[[ Provided records open ]]
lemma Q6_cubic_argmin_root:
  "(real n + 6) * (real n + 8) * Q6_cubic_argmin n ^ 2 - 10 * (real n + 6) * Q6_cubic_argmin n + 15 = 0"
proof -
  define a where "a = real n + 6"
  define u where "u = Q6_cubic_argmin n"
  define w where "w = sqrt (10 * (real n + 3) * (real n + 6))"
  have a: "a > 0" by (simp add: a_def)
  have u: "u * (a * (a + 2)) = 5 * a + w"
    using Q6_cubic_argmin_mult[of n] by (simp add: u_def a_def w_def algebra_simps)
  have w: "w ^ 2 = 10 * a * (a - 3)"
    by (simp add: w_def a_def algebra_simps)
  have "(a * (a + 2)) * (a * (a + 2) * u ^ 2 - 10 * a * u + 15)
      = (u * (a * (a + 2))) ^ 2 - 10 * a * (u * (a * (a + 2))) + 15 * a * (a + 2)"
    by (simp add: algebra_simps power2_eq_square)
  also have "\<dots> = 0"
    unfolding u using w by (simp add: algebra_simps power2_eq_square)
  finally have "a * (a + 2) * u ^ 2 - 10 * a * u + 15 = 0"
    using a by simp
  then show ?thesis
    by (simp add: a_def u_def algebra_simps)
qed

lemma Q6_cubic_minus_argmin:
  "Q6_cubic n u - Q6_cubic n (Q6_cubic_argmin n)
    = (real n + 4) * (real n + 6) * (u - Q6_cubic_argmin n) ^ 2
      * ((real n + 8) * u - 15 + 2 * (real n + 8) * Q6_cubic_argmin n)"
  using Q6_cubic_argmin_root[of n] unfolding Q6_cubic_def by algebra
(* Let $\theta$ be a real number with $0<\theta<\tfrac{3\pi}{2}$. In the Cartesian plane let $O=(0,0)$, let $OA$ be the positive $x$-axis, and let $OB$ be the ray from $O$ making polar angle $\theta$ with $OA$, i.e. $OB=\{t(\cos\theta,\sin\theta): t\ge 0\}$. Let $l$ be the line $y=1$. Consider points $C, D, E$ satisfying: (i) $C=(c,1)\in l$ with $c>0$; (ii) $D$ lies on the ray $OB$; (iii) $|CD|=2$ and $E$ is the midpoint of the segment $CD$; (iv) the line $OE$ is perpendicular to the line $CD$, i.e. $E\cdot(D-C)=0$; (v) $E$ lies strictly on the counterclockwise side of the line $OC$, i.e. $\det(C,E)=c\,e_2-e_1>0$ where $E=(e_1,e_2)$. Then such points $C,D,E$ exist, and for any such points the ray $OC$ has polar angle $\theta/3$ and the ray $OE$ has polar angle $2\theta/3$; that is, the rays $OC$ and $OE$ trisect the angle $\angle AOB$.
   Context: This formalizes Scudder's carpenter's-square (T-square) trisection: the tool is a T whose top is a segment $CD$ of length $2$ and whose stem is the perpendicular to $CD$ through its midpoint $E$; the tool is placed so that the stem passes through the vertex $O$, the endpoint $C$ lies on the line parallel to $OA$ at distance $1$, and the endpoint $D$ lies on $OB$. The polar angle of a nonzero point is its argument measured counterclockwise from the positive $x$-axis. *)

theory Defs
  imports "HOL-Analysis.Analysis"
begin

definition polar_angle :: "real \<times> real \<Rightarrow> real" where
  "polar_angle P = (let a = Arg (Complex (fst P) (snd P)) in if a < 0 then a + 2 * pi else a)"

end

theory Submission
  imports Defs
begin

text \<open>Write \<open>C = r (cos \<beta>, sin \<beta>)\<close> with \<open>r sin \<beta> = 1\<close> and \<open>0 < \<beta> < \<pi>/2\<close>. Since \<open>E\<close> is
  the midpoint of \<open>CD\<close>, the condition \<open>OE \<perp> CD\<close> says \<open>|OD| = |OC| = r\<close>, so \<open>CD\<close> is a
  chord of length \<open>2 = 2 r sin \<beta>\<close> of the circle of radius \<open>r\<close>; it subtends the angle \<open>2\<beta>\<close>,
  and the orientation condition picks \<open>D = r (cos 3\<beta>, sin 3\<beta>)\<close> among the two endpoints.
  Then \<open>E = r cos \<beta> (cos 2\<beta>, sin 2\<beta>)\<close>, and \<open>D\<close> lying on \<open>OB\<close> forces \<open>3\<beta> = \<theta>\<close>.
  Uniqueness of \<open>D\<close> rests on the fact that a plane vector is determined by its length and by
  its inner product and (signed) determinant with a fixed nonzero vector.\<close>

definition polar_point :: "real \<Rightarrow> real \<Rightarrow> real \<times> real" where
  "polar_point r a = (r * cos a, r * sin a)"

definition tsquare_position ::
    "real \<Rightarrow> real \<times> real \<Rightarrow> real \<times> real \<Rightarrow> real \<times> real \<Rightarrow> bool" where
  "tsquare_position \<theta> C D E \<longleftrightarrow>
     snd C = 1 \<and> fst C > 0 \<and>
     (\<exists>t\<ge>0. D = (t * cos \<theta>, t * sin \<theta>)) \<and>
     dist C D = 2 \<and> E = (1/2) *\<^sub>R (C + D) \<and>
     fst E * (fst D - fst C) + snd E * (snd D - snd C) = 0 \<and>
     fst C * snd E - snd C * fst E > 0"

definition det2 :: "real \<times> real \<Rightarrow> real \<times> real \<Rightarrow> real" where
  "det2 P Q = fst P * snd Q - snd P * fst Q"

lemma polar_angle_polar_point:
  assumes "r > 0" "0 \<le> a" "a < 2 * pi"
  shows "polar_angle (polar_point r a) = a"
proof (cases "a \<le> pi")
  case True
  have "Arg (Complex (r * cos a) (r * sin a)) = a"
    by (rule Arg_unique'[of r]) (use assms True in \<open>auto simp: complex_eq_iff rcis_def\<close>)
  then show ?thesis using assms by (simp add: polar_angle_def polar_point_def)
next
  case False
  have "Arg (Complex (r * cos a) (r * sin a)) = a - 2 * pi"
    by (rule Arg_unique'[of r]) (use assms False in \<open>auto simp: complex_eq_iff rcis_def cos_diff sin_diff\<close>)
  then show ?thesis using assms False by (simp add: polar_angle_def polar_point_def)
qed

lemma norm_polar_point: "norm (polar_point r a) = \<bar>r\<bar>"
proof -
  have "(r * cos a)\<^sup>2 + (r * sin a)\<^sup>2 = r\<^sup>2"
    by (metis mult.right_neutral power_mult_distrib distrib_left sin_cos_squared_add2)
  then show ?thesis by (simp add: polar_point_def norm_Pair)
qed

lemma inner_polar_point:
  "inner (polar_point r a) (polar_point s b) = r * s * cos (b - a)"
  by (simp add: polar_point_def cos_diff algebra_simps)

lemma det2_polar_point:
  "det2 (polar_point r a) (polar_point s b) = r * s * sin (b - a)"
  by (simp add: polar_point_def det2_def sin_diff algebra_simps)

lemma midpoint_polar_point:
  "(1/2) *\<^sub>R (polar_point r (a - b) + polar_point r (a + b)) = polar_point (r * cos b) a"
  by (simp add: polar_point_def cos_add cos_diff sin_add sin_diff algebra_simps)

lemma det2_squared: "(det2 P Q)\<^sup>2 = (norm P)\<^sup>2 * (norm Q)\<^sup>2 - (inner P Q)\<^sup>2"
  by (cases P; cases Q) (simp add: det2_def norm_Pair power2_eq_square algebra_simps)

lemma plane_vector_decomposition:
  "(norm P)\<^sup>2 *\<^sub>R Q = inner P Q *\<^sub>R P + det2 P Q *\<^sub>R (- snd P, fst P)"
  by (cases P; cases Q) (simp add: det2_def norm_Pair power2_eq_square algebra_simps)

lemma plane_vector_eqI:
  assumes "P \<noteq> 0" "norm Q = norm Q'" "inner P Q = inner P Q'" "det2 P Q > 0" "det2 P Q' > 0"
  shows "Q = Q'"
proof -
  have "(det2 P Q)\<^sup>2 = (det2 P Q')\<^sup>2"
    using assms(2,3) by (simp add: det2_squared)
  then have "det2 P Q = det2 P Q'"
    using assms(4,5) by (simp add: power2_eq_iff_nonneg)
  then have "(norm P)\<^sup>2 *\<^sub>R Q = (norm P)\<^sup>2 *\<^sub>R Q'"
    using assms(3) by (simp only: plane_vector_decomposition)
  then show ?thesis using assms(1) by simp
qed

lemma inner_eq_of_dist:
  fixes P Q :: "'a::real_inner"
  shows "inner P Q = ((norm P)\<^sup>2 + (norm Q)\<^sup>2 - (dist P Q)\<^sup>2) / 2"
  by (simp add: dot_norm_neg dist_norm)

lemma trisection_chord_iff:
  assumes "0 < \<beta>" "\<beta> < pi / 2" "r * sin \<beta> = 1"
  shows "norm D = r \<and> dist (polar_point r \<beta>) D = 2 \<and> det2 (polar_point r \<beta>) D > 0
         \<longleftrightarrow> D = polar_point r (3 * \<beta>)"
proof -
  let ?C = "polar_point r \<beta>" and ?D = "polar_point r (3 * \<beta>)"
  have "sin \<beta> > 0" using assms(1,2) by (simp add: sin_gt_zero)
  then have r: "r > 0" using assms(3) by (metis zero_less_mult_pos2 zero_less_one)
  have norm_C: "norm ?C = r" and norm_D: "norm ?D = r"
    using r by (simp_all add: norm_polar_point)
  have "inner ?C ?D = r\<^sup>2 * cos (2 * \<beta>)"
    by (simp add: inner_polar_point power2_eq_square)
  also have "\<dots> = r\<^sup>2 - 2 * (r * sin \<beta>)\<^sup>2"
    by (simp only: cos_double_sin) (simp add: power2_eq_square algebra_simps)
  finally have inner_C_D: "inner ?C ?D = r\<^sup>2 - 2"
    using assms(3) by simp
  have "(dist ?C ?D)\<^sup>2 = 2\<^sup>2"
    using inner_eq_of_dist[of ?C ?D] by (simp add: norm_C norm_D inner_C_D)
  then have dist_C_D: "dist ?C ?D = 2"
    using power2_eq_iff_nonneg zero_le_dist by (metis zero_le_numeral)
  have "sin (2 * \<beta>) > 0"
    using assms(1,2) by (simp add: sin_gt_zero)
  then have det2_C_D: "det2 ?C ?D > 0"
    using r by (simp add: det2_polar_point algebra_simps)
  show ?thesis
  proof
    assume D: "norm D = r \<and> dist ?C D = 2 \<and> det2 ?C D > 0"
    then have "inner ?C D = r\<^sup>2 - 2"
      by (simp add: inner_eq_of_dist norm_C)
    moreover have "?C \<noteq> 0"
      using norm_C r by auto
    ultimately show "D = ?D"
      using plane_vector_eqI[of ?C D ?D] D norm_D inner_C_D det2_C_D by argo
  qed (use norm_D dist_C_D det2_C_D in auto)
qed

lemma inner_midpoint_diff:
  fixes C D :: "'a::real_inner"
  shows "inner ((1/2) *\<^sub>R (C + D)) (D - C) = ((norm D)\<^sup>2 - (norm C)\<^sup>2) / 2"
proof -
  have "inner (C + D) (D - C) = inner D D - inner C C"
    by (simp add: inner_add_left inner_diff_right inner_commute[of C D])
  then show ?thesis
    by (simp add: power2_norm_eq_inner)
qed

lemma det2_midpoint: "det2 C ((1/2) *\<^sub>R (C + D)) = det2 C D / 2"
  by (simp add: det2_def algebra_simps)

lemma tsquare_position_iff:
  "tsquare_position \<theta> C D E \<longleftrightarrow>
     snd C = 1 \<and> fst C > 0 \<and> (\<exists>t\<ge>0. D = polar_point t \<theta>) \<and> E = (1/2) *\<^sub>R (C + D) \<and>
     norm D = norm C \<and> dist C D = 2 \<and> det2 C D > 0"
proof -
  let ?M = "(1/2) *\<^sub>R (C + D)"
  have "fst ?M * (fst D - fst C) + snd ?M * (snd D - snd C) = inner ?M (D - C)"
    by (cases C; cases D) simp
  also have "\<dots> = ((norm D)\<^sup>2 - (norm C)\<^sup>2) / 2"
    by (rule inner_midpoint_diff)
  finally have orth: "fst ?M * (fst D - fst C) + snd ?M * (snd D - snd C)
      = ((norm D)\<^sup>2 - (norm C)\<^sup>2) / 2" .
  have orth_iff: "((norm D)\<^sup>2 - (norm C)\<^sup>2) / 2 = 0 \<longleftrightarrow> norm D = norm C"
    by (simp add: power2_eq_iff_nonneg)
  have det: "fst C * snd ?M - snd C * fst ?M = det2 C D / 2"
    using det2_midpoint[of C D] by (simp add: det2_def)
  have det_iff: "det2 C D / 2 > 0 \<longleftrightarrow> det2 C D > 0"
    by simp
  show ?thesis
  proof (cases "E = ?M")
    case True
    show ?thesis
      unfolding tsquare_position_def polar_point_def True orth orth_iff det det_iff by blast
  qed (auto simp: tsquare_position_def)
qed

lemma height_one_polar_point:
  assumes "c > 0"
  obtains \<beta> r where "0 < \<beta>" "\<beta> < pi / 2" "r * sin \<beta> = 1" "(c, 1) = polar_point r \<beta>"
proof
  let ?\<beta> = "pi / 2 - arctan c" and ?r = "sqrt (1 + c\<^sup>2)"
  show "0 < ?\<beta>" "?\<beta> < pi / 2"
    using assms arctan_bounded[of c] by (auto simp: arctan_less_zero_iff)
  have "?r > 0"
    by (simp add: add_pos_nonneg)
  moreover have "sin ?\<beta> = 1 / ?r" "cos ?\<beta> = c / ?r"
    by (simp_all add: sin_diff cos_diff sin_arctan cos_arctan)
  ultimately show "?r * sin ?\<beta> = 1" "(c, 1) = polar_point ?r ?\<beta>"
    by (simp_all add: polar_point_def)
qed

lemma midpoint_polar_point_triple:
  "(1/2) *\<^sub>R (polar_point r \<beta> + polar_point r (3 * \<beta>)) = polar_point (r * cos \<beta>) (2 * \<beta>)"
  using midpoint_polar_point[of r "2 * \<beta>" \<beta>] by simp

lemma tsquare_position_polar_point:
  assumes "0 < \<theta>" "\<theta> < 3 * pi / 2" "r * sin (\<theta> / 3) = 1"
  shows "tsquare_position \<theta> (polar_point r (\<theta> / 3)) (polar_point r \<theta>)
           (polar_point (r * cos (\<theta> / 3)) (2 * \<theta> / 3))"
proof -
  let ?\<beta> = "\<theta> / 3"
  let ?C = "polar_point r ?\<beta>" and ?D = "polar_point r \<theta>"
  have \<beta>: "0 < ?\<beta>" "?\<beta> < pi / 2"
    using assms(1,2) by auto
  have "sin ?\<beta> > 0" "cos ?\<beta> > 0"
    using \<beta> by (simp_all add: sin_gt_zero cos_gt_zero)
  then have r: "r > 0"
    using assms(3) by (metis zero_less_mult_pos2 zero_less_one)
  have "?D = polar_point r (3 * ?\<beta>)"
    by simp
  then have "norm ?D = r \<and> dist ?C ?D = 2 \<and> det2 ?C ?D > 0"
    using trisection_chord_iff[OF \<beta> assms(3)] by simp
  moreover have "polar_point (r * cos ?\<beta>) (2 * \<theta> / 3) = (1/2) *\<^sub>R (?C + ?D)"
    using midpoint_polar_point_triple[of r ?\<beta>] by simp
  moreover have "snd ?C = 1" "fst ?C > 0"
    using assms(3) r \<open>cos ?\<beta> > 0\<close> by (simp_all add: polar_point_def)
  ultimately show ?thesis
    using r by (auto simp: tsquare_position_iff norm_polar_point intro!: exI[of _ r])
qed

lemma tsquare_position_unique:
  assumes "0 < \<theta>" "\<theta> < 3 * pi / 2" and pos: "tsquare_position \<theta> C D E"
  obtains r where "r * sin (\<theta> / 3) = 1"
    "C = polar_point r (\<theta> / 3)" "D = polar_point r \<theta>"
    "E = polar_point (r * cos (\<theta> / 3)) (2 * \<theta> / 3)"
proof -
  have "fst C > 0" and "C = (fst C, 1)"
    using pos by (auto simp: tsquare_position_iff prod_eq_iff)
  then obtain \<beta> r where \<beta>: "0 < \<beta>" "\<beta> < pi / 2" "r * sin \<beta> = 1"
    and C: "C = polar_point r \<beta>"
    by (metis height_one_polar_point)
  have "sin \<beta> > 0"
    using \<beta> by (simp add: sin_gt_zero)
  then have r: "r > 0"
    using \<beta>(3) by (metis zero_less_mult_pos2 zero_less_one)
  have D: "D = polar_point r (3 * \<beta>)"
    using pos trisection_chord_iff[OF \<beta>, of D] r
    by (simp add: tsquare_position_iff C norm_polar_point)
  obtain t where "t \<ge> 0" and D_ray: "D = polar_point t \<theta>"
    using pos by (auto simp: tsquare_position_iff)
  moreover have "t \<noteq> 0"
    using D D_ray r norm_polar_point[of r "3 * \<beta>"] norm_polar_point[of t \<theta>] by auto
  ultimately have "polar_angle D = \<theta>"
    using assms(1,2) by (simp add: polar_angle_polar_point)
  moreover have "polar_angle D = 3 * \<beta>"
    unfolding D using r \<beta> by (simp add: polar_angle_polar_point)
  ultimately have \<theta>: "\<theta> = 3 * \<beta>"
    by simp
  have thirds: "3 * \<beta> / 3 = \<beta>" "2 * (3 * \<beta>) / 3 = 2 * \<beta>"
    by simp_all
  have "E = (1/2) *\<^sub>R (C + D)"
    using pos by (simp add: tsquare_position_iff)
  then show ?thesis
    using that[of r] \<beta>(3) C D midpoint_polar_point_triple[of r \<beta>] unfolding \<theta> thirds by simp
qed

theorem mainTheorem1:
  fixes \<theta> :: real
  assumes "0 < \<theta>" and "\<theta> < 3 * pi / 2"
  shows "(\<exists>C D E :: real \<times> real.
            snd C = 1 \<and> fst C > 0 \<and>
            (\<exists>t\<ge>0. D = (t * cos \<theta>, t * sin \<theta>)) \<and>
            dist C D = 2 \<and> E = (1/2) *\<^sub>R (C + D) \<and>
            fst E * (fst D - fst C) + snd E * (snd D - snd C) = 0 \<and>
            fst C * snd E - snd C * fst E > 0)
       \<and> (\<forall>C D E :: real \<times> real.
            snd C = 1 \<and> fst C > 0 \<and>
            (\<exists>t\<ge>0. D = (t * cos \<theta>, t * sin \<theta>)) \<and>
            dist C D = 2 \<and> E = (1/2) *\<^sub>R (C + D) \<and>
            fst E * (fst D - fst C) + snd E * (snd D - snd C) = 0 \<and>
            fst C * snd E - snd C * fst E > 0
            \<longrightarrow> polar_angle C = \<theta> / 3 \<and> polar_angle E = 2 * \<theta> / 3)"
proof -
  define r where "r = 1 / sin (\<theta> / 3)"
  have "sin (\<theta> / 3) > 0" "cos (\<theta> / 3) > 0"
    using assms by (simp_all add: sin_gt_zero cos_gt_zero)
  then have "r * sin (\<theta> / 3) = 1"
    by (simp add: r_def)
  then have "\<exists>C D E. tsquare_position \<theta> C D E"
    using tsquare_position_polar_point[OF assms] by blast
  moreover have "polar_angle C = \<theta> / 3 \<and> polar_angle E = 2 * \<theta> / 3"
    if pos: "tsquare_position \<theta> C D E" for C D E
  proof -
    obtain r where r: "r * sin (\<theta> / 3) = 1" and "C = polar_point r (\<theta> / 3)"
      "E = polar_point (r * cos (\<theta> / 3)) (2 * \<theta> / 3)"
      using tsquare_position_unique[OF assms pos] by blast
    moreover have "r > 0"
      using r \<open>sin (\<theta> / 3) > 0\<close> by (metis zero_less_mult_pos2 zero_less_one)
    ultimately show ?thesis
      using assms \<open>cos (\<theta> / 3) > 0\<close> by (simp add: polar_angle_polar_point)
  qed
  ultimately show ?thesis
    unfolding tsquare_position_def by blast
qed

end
[[ Provided records closed ]]
# Action item
Each line holding the string "obtains" counts once. Work out the number of such lines in the data and give only that.

# Exercise result
2